When you reach the line in the listing below that contains "others_pass_prod by simp", begin returning lines exactly as written, and stop after the line that contains "n H) \<subseteq>". Return no other lines.
=======
lemma active_bounded: "active r n H \<subseteq> {..<n}"
  using valid_hist_active_bounded[OF valid] .

lemma two_active: "2 \<le> num_active"
  using valid_hist_two_active[OF two_players valid] .

lemma bid_prob_01: "0 \<le> bid_prob" "bid_prob \<le> 1"
  using profile unfolding is_profile_def is_strategy_def by auto

lemma symmetric_bid_prob: "j \<in> active r n H \<Longrightarrow> \<sigma> j H = bid_prob"
  using sym valid active unfolding symmetric_def by blast

lemma deviation_is_profile: "0 \<le> q \<Longrightarrow> q \<le> 1 \<Longrightarrow> is_profile (deviation q)"
  using profile unfolding is_profile_def is_strategy_def by auto

lemma pure_deviation_is_profile: "is_profile (deviation 1)" "is_profile (deviation 0)"
  using deviation_is_profile by auto

abbreviation "eq_value \<equiv> cont_value r n v s c \<sigma> H i"
abbreviation "pure_value q \<equiv> one_step_value r n v s c \<sigma> (deviation q) H i"

lemma one_step_le_value:
  assumes "0 \<le> q" "q \<le> 1"
  shows "pure_value q \<le> eq_value"
proof -
  have "is_strategy ((\<sigma> i)(H := q))"
    using profile assms unfolding is_profile_def is_strategy_def by auto
  then have "payoff r n v s c (deviation q) H i \<le> payoff r n v s c \<sigma> H i"
    by (rule spe_deviation[OF valid active])
  moreover have "payoff r n v s c (deviation q) H i = ereal (pure_value q)"
    by (rule payoff_one_step[OF valid deviation_is_profile[OF assms]]) auto
  ultimately show ?thesis unfolding payoff_cont_value[OF valid] by simp
qed

lemma value_mix: "eq_value = bid_prob * pure_value 1 + (1 - bid_prob) * pure_value 0"
proof -
  have "payoff r n v s c \<sigma> H i = ereal (one_step_value r n v s c \<sigma> \<sigma> H i)"
    by (rule payoff_one_step[OF valid profile]) simp
  then have "eq_value = one_step_value r n v s c \<sigma> \<sigma> H i"
    unfolding payoff_cont_value[OF valid] by simp
  also have "\<dots> = bid_prob * pure_value 1 + (1 - bid_prob) * pure_value 0"
    by (rule one_step_value_affine) (rule stage_prob_mix[OF active_bounded active])
  finally show ?thesis .
qed

abbreviation "others_pass \<equiv> (1 - bid_prob) ^ (num_active - 1)"

lemma others_pass_prod: "(\<Prod>l\<in>active r n H - {i}. 1 - \<sigma> l H) = others_pass"
proof -
  have "(\<Prod>l\<in>active r n H - {i}. 1 - \<sigma> l H) = (\<Prod>l\<in>active r n H - {i}. 1 - bid_prob)"
    using symmetric_bid_prob by (intro prod.cong) auto
  then show ?thesis using active finite_active[OF active_bounded] by simp
qed

lemma stage_prob_bid_alone: "stage_prob r n (deviation 1) H {i} = others_pass"
  using stage_prob_single[OF active_bounded active, of "deviation 1"] others_pass_prod by simp

lemma stage_prob_other_alone:
  assumes "j \<in> active r n H" "j \<noteq> i"
  shows "stage_prob r n (deviation 0) H {j} = bid_prob * (1 - bid_prob) ^ (num_active - 2)"
proof -
  let ?A = "active r n H - {j}"
  have "(\<Prod>l\<in>?A. 1 - deviation 0 l H) = (1 - deviation 0 i H) * (\<Prod>l\<in>?A - {i}. 1 - deviation 0 l H)"
    using active assms finite_active[OF active_bounded] by (intro prod.remove) auto
  also have "\<dots> = (\<Prod>l\<in>?A - {i}. 1 - bid_prob)"
    using symmetric_bid_prob by (auto intro: prod.cong)
  also have "\<dots> = (1 - bid_prob) ^ (num_active - 2)"
    using active assms finite_active[OF active_bounded] by (simp add: card_Diff_singleton_if numeral_2_eq_2)
  finally show ?thesis
    using stage_prob_single[OF active_bounded assms(1), of "deviation 0"] symmetric_bid_prob[OF assms(1)] assms(2)
    by simp
qed

lemma sum_live_sets_le:
  assumes "is_profile \<tau>" "j \<in> active r n H"
  shows "(\<Sum>B\<in>live_sets r n H. stage_prob r n \<tau> H B) \<le> 1 - stage_prob r n \<tau> H {j}"
proof -
  let ?f = "stage_prob r n \<tau> H"
  have new: "{j} \<notin> live_sets r n H" and sub: "insert {j} (live_sets r n H) \<subseteq> Pow {..<n}"
    using assms(2) active_bounded unfolding live_sets_def cont_sets_def by auto
  have "?f {j} + (\<Sum>B\<in>live_sets r n H. ?f B) = (\<Sum>B\<in>insert {j} (live_sets r n H). ?f B)"
    using new finite_live_sets by simp
  also have "\<dots> \<le> (\<Sum>B\<in>Pow {..<n}. ?f B)"
    using sub stage_prob_nonneg[OF assms(1)] by (intro sum_mono2) auto
  finally have "?f {j} + (\<Sum>B\<in>live_sets r n H. ?f B) \<le> (\<Sum>B\<in>Pow {..<n}. ?f B)" .
  then show ?thesis using sum_stage_prob[OF active_bounded] by simp
qed

lemma continuation_le_sup:
  assumes "is_profile \<tau>" "j \<in> active r n H"
  shows "(\<Sum>B\<in>live_sets r n H. stage_prob r n \<tau> H B * cont_value r n v s c \<sigma> (B # H) i)
           \<le> sup_value * (1 - stage_prob r n \<tau> H {j})"
proof -
  have "(\<Sum>B\<in>live_sets r n H. stage_prob r n \<tau> H B * cont_value r n v s c \<sigma> (B # H) i)
      \<le> (\<Sum>B\<in>live_sets r n H. stage_prob r n \<tau> H B * sup_value)"
    using stage_prob_nonneg[OF assms(1)] cont_value_le_sup valid_hist_live_sets[OF valid]
    by (intro sum_mono mult_left_mono) auto
  also have "\<dots> \<le> sup_value * (1 - stage_prob r n \<tau> H {j})"
    using sum_live_sets_le[OF assms] sup_value_nonneg
    by (simp add: sum_distrib_right[symmetric] mult.commute mult_left_mono)
  finally show ?thesis .
qed

lemma continuation_nonneg:
  assumes "is_profile \<tau>"
  shows "0 \<le> (\<Sum>B\<in>live_sets r n H. stage_prob r n \<tau> H B * cont_value r n v s c \<sigma> (B # H) i)"
  using stage_prob_nonneg[OF assms] cont_value_nonneg valid_hist_live_sets[OF valid]
  by (intro sum_nonneg mult_nonneg_nonneg) auto

(* Bidding for sure wins now iff nobody else bids, at cost c. *)
lemma bid_value_bounds:
  "(v - s) * others_pass - c \<le> pure_value 1"
  "pure_value 1 \<le> (v - s) * others_pass - c + sup_value * (1 - others_pass)"
  using continuation_nonneg[OF pure_deviation_is_profile(1)] continuation_le_sup[OF pure_deviation_is_profile(1) active]
        sum_stage_prob_bid[OF active_bounded active, of "deviation 1"]
  unfolding one_step_value_def stage_prob_bid_alone by auto

(* Passing for sure never wins now, and the game ends with some other
   single bidder j with probability bid_prob (1 - bid_prob)^(num_active - 2). *)
lemma pass_value_le:
  assumes "j \<in> active r n H" "j \<noteq> i"
  shows "pure_value 0 \<le> sup_value * (1 - bid_prob * (1 - bid_prob) ^ (num_active - 2))"
proof -
  have "stage_prob r n (deviation 0) H {i} = 0"
    using stage_prob_single[OF active_bounded active, of "deviation 0"] by simp
  moreover have "(\<Sum>B\<in>bid_sets n i. stage_prob r n (deviation 0) H B) = 0"
    using sum_stage_prob_bid[OF active_bounded active, of "deviation 0"] by simp
  ultimately show ?thesis
    using continuation_le_sup[OF pure_deviation_is_profile(2) assms(1)] stage_prob_other_alone[OF assms]
    unfolding one_step_value_def by simp
qed

lemma value_le_bid_value: "0 < bid_prob \<Longrightarrow> eq_value \<le> pure_value 1"
  using bid_prob_01 one_step_le_value[of 0] by (intro mixture_le[OF value_mix]) auto

lemma value_le_pass_value: "bid_prob < 1 \<Longrightarrow> eq_value \<le> pure_value 0"
  using bid_prob_01 one_step_le_value[of 1] value_mix
  by (intro mixture_le[of eq_value "1 - bid_prob" "pure_value 0" "pure_value 1"]) (auto simp: algebra_simps)

end

(* Every active player can secure (v - s)(1 - p)^(m - 1) - c by bidding; since
   at least two players share at most v - s - c, this is at most half of it. *)
lemma bid_gain_le_half:
  assumes valid: "valid_hist r n H" and active: "i \<in> active r n H"
  shows "(v - s) * (1 - \<sigma> i H) ^ (card (active r n H) - 1) - c \<le> (v - s - c) / 2"
proof -
  let ?A = "active r n H" and ?D = "(v - s) * (1 - \<sigma> i H) ^ (card (active r n H) - 1) - c"
  have "?D \<le> cont_value r n v s c \<sigma> H j" if "j \<in> ?A" for j
  proof -
    have "?D = (v - s) * (1 - \<sigma> j H) ^ (card ?A - 1) - c"
      using symmetric_bid_prob[OF valid active that] by simp
    also have "\<dots> \<le> one_step_value r n v s c \<sigma> (\<sigma>(j := (\<sigma> j)(H := 1))) H j"
      by (rule bid_value_bounds(1)[OF valid that])
    also have "\<dots> \<le> cont_value r n v s c \<sigma> H j"
      by (rule one_step_le_value[OF valid that]) auto
    finally show ?thesis .
  qed
  then have "real (card ?A) * ?D \<le> (\<Sum>j\<in>?A. cont_value r n v s c \<sigma> H j)"
    using sum_mono[of ?A "\<lambda>_. ?D"] by simp
  also have "\<dots> \<le> v - s - c" by (rule sum_cont_value_le[OF valid])
  finally have sum_le: "real (card ?A) * ?D \<le> v - s - c" .
  show ?thesis
  proof (cases "0 \<le> ?D")
    case True
    have "2 * ?D \<le> real (card ?A) * ?D"
      using True two_active[OF valid active] by (intro mult_right_mono) auto
    then show ?thesis using sum_le by simp
  qed (use cost_less in simp)
qed


(* Nobody passes for sure: otherwise a deviation to bidding would earn the
   whole surplus v - s - c. *)
lemma bid_prob_pos:
  assumes "valid_hist r n H" "i \<in> active r n H"
  shows "0 < \<sigma> i H"
proof (rule ccontr)
  assume "\<not> 0 < \<sigma> i H"
  then have "\<sigma> i H = 0" using bid_prob_01[OF assms] by simp
  then show False using bid_gain_le_half[OF assms] cost_less by simp
qed

lemma bid_prob_lower:
  assumes "valid_hist r n H" "i \<in> active r n H"
  shows "(1 - (c + (v - s - c) / 2) / (v - s)) / real n \<le> \<sigma> i H"
proof -
  let ?p = "\<sigma> i H" and ?m = "card (active r n H)"
  have p01: "0 \<le> ?p" "?p \<le> 1" using bid_prob_01[OF assms] by auto
  have "1 - real (?m - 1) * ?p \<le> (1 - ?p) ^ (?m - 1)"
    using Bernoulli_inequality[of "- ?p" "?m - 1"] p01 by simp
  also have "(1 - ?p) ^ (?m - 1) \<le> (c + (v - s - c) / 2) / (v - s)"
    using bid_gain_le_half[OF assms] cost_pos cost_less by (simp add: field_simps)
  finally have "1 - (c + (v - s - c) / 2) / (v - s) \<le> real (?m - 1) * ?p" by simp
  also have "\<dots> \<le> real n * ?p"
  proof -
    have "?m \<le> card {..<n}" using active_bounded[OF assms] by (intro card_mono) auto
    then show ?thesis using p01 by (intro mult_right_mono) auto
  qed
  finally show ?thesis using two_players by (simp add: field_simps)
qed

(* Near the supremum, bidding must be worthwhile: others pass with
   probability more than c / (2 (v - s)). *)
lemma others_pass_lower:
  assumes "valid_hist r n H" "i \<in> active r n H"
    and near: "sup_value - c / 2 < cont_value r n v s c \<sigma> H i"
  shows "c / (2 * (v - s)) < (1 - \<sigma> i H) ^ (card (active r n H) - 1)"
proof -
  let ?A = "(1 - \<sigma> i H) ^ (card (active r n H) - 1)"
  have "0 \<le> ?A" using bid_prob_01[OF assms(1,2)] by simp
  then have "0 \<le> sup_value * ?A" using sup_value_nonneg by simp
  moreover have "cont_value r n v s c \<sigma> H i \<le> (v - s) * ?A - c + sup_value * (1 - ?A)"
    using value_le_bid_value[OF assms(1,2) bid_prob_pos[OF assms(1,2)]] bid_value_bounds(2)[OF assms(1,2)]
    by simp
  ultimately have "c / 2 < (v - s) * ?A" using near by (simp add: algebra_simps)
  then show ?thesis using cost_pos cost_less by (simp add: field_simps)
qed

(* A lower bound on the probability that the game ends with a given
   opponent as the single bidder, valid near the supremum (see below). *)
definition stop_bound :: real where
  "stop_bound = (1 - (c + (v - s - c) / 2) / (v - s)) / real n * (c / (2 * (v - s)))"

lemma pass_bound_less_1: "(c + (v - s - c) / 2) / (v - s) < 1"
proof -
  have "c + (v - s - c) / 2 < v - s" using cost_less by (simp add: field_simps)
  moreover have "0 < v - s" using cost_pos cost_less by linarith
  ultimately show ?thesis by simp
qed

lemma stop_bound_pos: "0 < stop_bound"
  unfolding stop_bound_def using pass_bound_less_1 two_players cost_pos cost_less by simp

lemma other_active_exists:
  assumes "valid_hist r n H" "i \<in> active r n H"
  obtains j where "j \<in> active r n H" "j \<noteq> i"
proof -
  have "card (active r n H - {i}) \<noteq> 0"
    using two_active[OF assms] assms(2) finite_active[OF active_bounded[OF assms]] by simp
  then have "active r n H - {i} \<noteq> {}" by (metis card.empty)
  then show ?thesis using that by blast
qed

context
  fixes H i
  assumes valid: "valid_hist r n H" and active: "i \<in> active r n H"
    and near: "sup_value - c / 2 < cont_value r n v s c \<sigma> H i"
begin

(* Near the supremum a player does not bid for sure: otherwise she would win
   with probability 0 in the current stage and lose c. *)
lemma near_sup_bid_prob_less_1: "\<sigma> i H < 1"
proof (rule ccontr)
  assume "\<not> \<sigma> i H < 1"
  then have none: "(1 - \<sigma> i H) ^ (card (active r n H) - 1) = 0"
    using bid_prob_01[OF valid active] two_active[OF valid active] by simp
  have "c / (2 * (v - s)) < 0" using others_pass_lower[OF valid active near] unfolding none .
  moreover have "0 < c / (2 * (v - s))" using cost_pos cost_less by simp
  ultimately show False by simp
qed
=======
▶ SOLVED EXERCISE:
  using stage_prob_single[OF active_bounded active, of "deviation 1"] others_pass_prod by simp

lemma stage_prob_other_alone:
  assumes "j \<in> active r n H" "j \<noteq> i"
  shows "stage_prob r n (deviation 0) H {j} = bid_prob * (1 - bid_prob) ^ (num_active - 2)"
proof -
  let ?A = "active r n H - {j}"
  have "(\<Prod>l\<in>?A. 1 - deviation 0 l H) = (1 - deviation 0 i H) * (\<Prod>l\<in>?A - {i}. 1 - deviation 0 l H)"
    using active assms finite_active[OF active_bounded] by (intro prod.remove) auto
  also have "\<dots> = (\<Prod>l\<in>?A - {i}. 1 - bid_prob)"
    using symmetric_bid_prob by (auto intro: prod.cong)
  also have "\<dots> = (1 - bid_prob) ^ (num_active - 2)"
    using active assms finite_active[OF active_bounded] by (simp add: card_Diff_singleton_if numeral_2_eq_2)
  finally show ?thesis
    using stage_prob_single[OF active_bounded assms(1), of "deviation 0"] symmetric_bid_prob[OF assms(1)] assms(2)
    by simp
qed

lemma sum_live_sets_le:
  assumes "is_profile \<tau>" "j \<in> active r n H"
  shows "(\<Sum>B\<in>live_sets r n H. stage_prob r n \<tau> H B) \<le> 1 - stage_prob r n \<tau> H {j}"
proof -
  let ?f = "stage_prob r n \<tau> H"
  have new: "{j} \<notin> live_sets r n H" and sub: "insert {j} (live_sets r n H) \<subseteq> Pow {..<n}"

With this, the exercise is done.